Há 59 anos, no dia 1° de abril de 1964, as Forças Armadas do Brasil instauraram a Ditadura Militar, período que durou 21 anos. O Golpe de 64, como é referenciado, é lembrado por ter sido um período de privação de direitos individuais, perseguição de opositores políticos, torturas, assassinatos e censuras. Durante 1964 a 1985, em número oficiais, de acordo com o relatório final da Comissão Nacional da Verdade, 434 pessoas morreram ou desapareceram. No entanto, a conjuntura autoritária da época instiga a pensar que os dados podem ser muito maiores.

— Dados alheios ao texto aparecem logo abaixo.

(* Let $\mathcal H$ be a complex Hilbert space and $\mathbf T=(T_1,\dots,T_n)\in B(\mathcal H)^n$ a doubly commuting $n$-tuple such that each $T_j$ has Property (1) (see context). If $z=(z_1,\dots,z_n)\in\sigma_T(\mathbf T)$, then there exist unit vectors $y_m\in\mathcal H$ such that $(T_j-z_j)^*y_m\to0$ as $m\to\infty$ for all $j=1,\dots,n$; that is, $\overline z=(\overline{z_1},\dots,\overline{z_n})$ belongs to the joint approximate point spectrum of $\mathbf T^*=(T_1^*,\dots,T_n^* )$.
   Context: Doubly commuting: $T_iT_j=T_jT_i$ and $T_i^*T_j=T_jT_i^*$ for $i\ne j$. Property (1) for an operator $T$: for every $z\in\mathbb C$ and every sequence $\{x_m\}$ of unit vectors, $(T-z)x_m\to0$ implies $(T-z)^*x_m\to0$. $\sigma_T$ denotes the Taylor spectrum: $z\in\sigma_T(\mathbf T)$ iff the Koszul complex of $(T_1-z_1,\dots,T_n-z_n)$ is not exact, where for a commuting tuple $\mathbf A$ the Koszul complex is $0\to E^n_n(\mathcal H)\xrightarrow{D_n}\cdots\xrightarrow{D_1}E^n_0(\mathcal H)\to0$ with $E^n_k(\mathcal H)=\mathcal H\otimes E^n_k$ ($E^n$ the exterior algebra on $e_1,\dots,e_n$) and $D_k(x\otimes e_{j_1}\wedge\cdots\wedge e_{j_k})=\sum_{i=1}^k(-1)^{i-1}A_{j_i}x\otimes e_{j_1}\wedge\cdots\wedge\check e_{j_i}\wedge\cdots\wedge e_{j_k}$. The joint approximate point spectrum of $(A_1,\dots,A_n)$ is the set of $w\in\mathbb C^n$ for which there are unit vectors $x_m$ with $(A_j-w_j)x_m\to0$ for all $j$. *)

theory Defs
  imports "HOL-Analysis.Analysis"
begin

text \<open>A complex structure on a
  real vector space is given by an operator J (multiplication by the imaginary unit)
  with J (J x) = - x; complex scalar multiplication is then
  c \<cdot> x = Re c *R x + Im c *R J x.\<close>
definition complex_structure :: "('a::real_vector \<Rightarrow> 'a) \<Rightarrow> bool" where
  "complex_structure J \<longleftrightarrow> linear J \<and> (\<forall>x. J (J x) = - x)"

definition scC :: "('a::real_vector \<Rightarrow> 'a) \<Rightarrow> complex \<Rightarrow> 'a \<Rightarrow> 'a" where
  "scC J c x = Re c *\<^sub>R x + Im c *\<^sub>R J x"

definition complex_inner_product ::
    "('a::real_vector \<Rightarrow> 'a) \<Rightarrow> ('a \<Rightarrow> 'a \<Rightarrow> complex) \<Rightarrow> bool" where
  "complex_inner_product J ip \<longleftrightarrow>
     complex_structure J \<and>
     (\<forall>x y z. ip (x + y) z = ip x z + ip y z) \<and>
     (\<forall>c x y. ip (scC J c x) y = c * ip x y) \<and>
     (\<forall>x y. ip y x = cnj (ip x y)) \<and>
     (\<forall>x. Re (ip x x) \<ge> 0 \<and> Im (ip x x) = 0) \<and>
     (\<forall>x. ip x x = 0 \<longrightarrow> x = 0)"

definition complex_hilbert :: "('a::banach \<Rightarrow> 'a) \<Rightarrow> ('a \<Rightarrow> 'a \<Rightarrow> complex) \<Rightarrow> bool" where
  "complex_hilbert J ip \<longleftrightarrow> complex_inner_product J ip \<and> (\<forall>x. norm x = sqrt (Re (ip x x)))"

definition bounded_clinear_op :: "('a::real_normed_vector \<Rightarrow> 'a) \<Rightarrow> ('a \<Rightarrow> 'a) \<Rightarrow> bool" where
  "bounded_clinear_op J T \<longleftrightarrow> bounded_linear T \<and> (\<forall>c x. T (scC J c x) = scC J c (T x))"

definition adj :: "('a \<Rightarrow> 'a \<Rightarrow> complex) \<Rightarrow> ('a \<Rightarrow> 'a) \<Rightarrow> 'a \<Rightarrow> 'a" where
  "adj ip T = (\<lambda>y. THE z. \<forall>x. ip (T x) y = ip x z)"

Destas vítimas que foram assassinadas ou continuam desaparecidas, segundo o ANDES-SN (Sindicato Nacional dos Docentes das Instituições do Ensino Superior), em levantamento feito pelo professor Milton Pinheiro, da Universidade Estadual da Bahia (Uneb), 106 eram estudantes universitários, 12 docentes e 1 técnico-administrativo do ensino superior.
Impacto na educação
Duas semanas após a tomada à força do poder em 1964, os militares empossaram o professor Flávio Suplicy de Lacerda, ex-reitor da Universidade Federal do Paraná (UFPR), como ministro da Educação. Lacerda tinha o intuito de transformar a educação superior brasileira em verdadeiros “escolões tecnocráticos”, com foco nas ciências naturais e exatas; reduzindo a presença das ciências humanas; desmontando o ensino gratuito e de qualidade através de privatizações, dentre outros.
Conforme palavras do ex-presidente militar Castelo Branco, o modelo educacional “serviria ao desenvolvimento nacional”.
Intervenções
As intervenções da ditadura não pararam por aí. Nos corredores das Instituições de Ensino Superior do Brasil também eram proibidas as maneiras de pensar e agir. Docentes, discentes e servidores sofriam frequentes perseguições políticas, prisões arbitrárias e demissões, além de serem impedidos de realizar reuniões sindicais e de buscar conhecimento em autores que não agradassem ao governo federal.
De acordo com o professor da Universidade de São Paulo (USP) Everaldo Oliveira, que é mestre e doutor em História Econômica, o autoritarismo na educação universitária resguardava o governo de sofrer críticas e serviu aos interesses capitalistas americano.
“Em primeiro lugar, (tinha o objetivo de) atacar a autonomia das universidades e impedir que se desenvolvesse uma ciência crítica que debatesse os problemas nacionais, que solucionasse os grandes entraves do desenvolvimento da economia brasileira, sob uma perspectiva democrática e com soberania nacional. Ou seja, a ciência deveria ser instrumental, deveria estar a serviço do capital. Subordinada cientificamente ao exterior e particularmente ao modelo desenvolvido pelos Estados Unidos”, explica.
Passado, presente e futuro
Além da imposição do que deveria ser estudado e pensado, os governantes escolheram arbitrariamente os reitores das instituições, como tentativa de controlar o ambiente. Este cenário durou até 1985, com a redemocratização do Brasil.
Atualmente, ainda é possível sentir os resquícios da Ditadura Militar na educação brasileira. Projetos como o Escola sem Partido, a implementação do Novo Ensino Médio e as sucessivas falas sobre a privatização das universidades públicas representam, respectivamente, a mordaça do pensar, a “tecnização da educação” e o desmonte do ensino gratuito e de qualidade.
Segundo Tiago Rodrigues, que é professor do curso de Licenciatura em Educação do Campo e do Programa de Pós-Graduação em Educação do Campo na Universidade Federal do Recôncavo da Bahia (UFRB), o silenciamento sobre o tema ainda é um tabu que precisa ser superado.
“Penso que um desses reflexos (da repressão) seja justamente o silenciamento sobre o tema e deste período nas Universidades. Durante a ditadura, professores e estudantes foram perseguidos; sindicatos de professores e servidores foram proibidos de existir e, a vinculação da universidade com o povo foi impedida. A política não poderia ser debatida e discutida nesse espaço do saber, que são as Universidades. Isso, ao meu ver, aprofundou uma lógica falsa de que a universidade é neutra, é lugar de conhecimento técnico e não é o lugar da política. Isso ainda permanece hoje, pois na maioria dos currículos, a discussão política, a discussão sobre o passado, sobre o presente e sobre o futuro são silenciadas. A presença de movimentos sociais, como o MST, nas universidades é vista como algo não universitário, não acadêmico. Como disse, isso é fruto do autoritarismo da Ditadura Militar”, enfatiza.
Pelo não silenciamento deste período sombrio na história brasileira, hoje, recordamos o dia 1° de abril de 1964, para que os crimes cometidos durante a Ditadura não sejam esquecidos.